lemma inj_on_rp_class_lift_point:
  assumes v: "v \<in> topspace (sphere_lifts n)"
  shows "inj_on (\<lambda>c. rp_class (lift_point n L v c)) (lift_index n L)"
proof (rule inj_onI)
  fix c c' assume c: "c \<in> lift_index n L" and c': "c' \<in> lift_index n L"
    and eq: "rp_class (lift_point n L v c) = rp_class (lift_point n L v c')"
  obtain i j b l where c_eq: "c = ((i, j), b, l)"
    by (metis prod.collapse)
  obtain i' j' b' l' where c'_eq: "c' = ((i', j'), b', l')"
    by (metis prod.collapse)
  let ?p = "lift_point n L v c" and ?p' = "lift_point n L v c'"
  note ci = c[unfolded c_eq] and ci' = c'[unfolded c'_eq]
  have ijl: "i < n" "j < n" "i \<noteq> j" "l < L" "i' < n" "j' < n" "i' \<noteq> j'" "l' < L"
    using c c' c_eq c'_eq by (auto simp: lift_index_def off_diag_def)
  have same_i: "i = i'"
  proof (rule ccontr)
    assume "i \<noteq> i'"
    have "proj_dist (v i) (v i') < 2 * config_scale v {..<n}"
      using norm_lift_point_diff[OF v ci] norm_lift_point_diff[OF v ci'] eq c_eq c'_eq
      by (intro proj_dist_less_of_antipodal_eq) (simp_all add: rp_class_eq_iff)
    then show False
      using sphere_lift_scale_le[OF v ijl(1,5) \<open>i \<noteq> i'\<close>] by simp
  qed
  txt \<open>Both points lie in the open hemisphere centred at \<open>v i\<close>.\<close>
  have "?p \<noteq> - ?p'"
    using inner_lift_point_pos[OF v ci] inner_lift_point_pos[OF v ci'] c_eq c'_eq same_i by force
  then have "new_point L (config_scale v {..<n}) (v i) (if b then v j else - v j) l
      = new_point L (config_scale v {..<n}) (v i) (if b' then v j' else - v j') l'"
    using eq same_i by (simp add: rp_class_eq_iff c_eq c'_eq lift_point_def)
  moreover have "norm (v i) = 1" "norm (if b then v j else - v j) = 1"
    "\<bar>v i \<bullet> (if b then v j else - v j)\<bar> < 1" "norm (if b' then v j' else - v j') = 1"
    "\<bar>v i \<bullet> (if b' then v j' else - v j')\<bar> < 1"
    using sphere_lift_unit[OF v] sphere_lift_abs_inner_less_1[OF v] ijl same_i by auto
  ultimately have "l = l'" and "(if b then v j else - v j) = (if b' then v j' else - v j')"
    using new_point_inj sphere_lift_scale_pos[OF v] ijl(4,8) by blast+
  then show "c = c'"
    using sphere_lift_sign_inj[OF v ijl(2,6)] c_eq c'_eq same_i by simp
qed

•••••

YOUR GOAL:
Copy out the entire material exactly.

WRITTEN SOLUTION:
lemma inj_on_rp_class_lift_point:
  assumes v: "v \<in> topspace (sphere_lifts n)"
  shows "inj_on (\<lambda>c. rp_class (lift_point n L v c)) (lift_index n L)"
proof (rule inj_onI)
  fix c c' assume c: "c \<in> lift_index n L" and c': "c' \<in> lift_index n L"
    and eq: "rp_class (lift_point n L v c) = rp_class (lift_point n L v c')"
  obtain i j b l where c_eq: "c = ((i, j), b, l)"
    by (metis prod.collapse)
  obtain i' j' b' l' where c'_eq: "c' = ((i', j'), b', l')"
    by (metis prod.collapse)
  let ?p = "lift_point n L v c" and ?p' = "lift_point n L v c'"
  note ci = c[unfolded c_eq] and ci' = c'[unfolded c'_eq]
  have ijl: "i < n" "j < n" "i \<noteq> j" "l < L" "i' < n" "j' < n" "i' \<noteq> j'" "l' < L"
    using c c' c_eq c'_eq by (auto simp: lift_index_def off_diag_def)
  have same_i: "i = i'"
  proof (rule ccontr)
    assume "i \<noteq> i'"
    have "proj_dist (v i) (v i') < 2 * config_scale v {..<n}"
      using norm_lift_point_diff[OF v ci] norm_lift_point_diff[OF v ci'] eq c_eq c'_eq
      by (intro proj_dist_less_of_antipodal_eq) (simp_all add: rp_class_eq_iff)
    then show False
      using sphere_lift_scale_le[OF v ijl(1,5) \<open>i \<noteq> i'\<close>] by simp
  qed
  txt \<open>Both points lie in the open hemisphere centred at \<open>v i\<close>.\<close>
  have "?p \<noteq> - ?p'"
    using inner_lift_point_pos[OF v ci] inner_lift_point_pos[OF v ci'] c_eq c'_eq same_i by force
  then have "new_point L (config_scale v {..<n}) (v i) (if b then v j else - v j) l
      = new_point L (config_scale v {..<n}) (v i) (if b' then v j' else - v j') l'"
    using eq same_i by (simp add: rp_class_eq_iff c_eq c'_eq lift_point_def)
  moreover have "norm (v i) = 1" "norm (if b then v j else - v j) = 1"
    "\<bar>v i \<bullet> (if b then v j else - v j)\<bar> < 1" "norm (if b' then v j' else - v j') = 1"
    "\<bar>v i \<bullet> (if b' then v j' else - v j')\<bar> < 1"
    using sphere_lift_unit[OF v] sphere_lift_abs_inner_less_1[OF v] ijl same_i by auto
  ultimately have "l = l'" and "(if b then v j else - v j) = (if b' then v j' else - v j')"
    using new_point_inj sphere_lift_scale_pos[OF v] ijl(4,8) by blast+
  then show "c = c'"
    using sphere_lift_sign_inj[OF v ijl(2,6)] c_eq c'_eq same_i by simp
qed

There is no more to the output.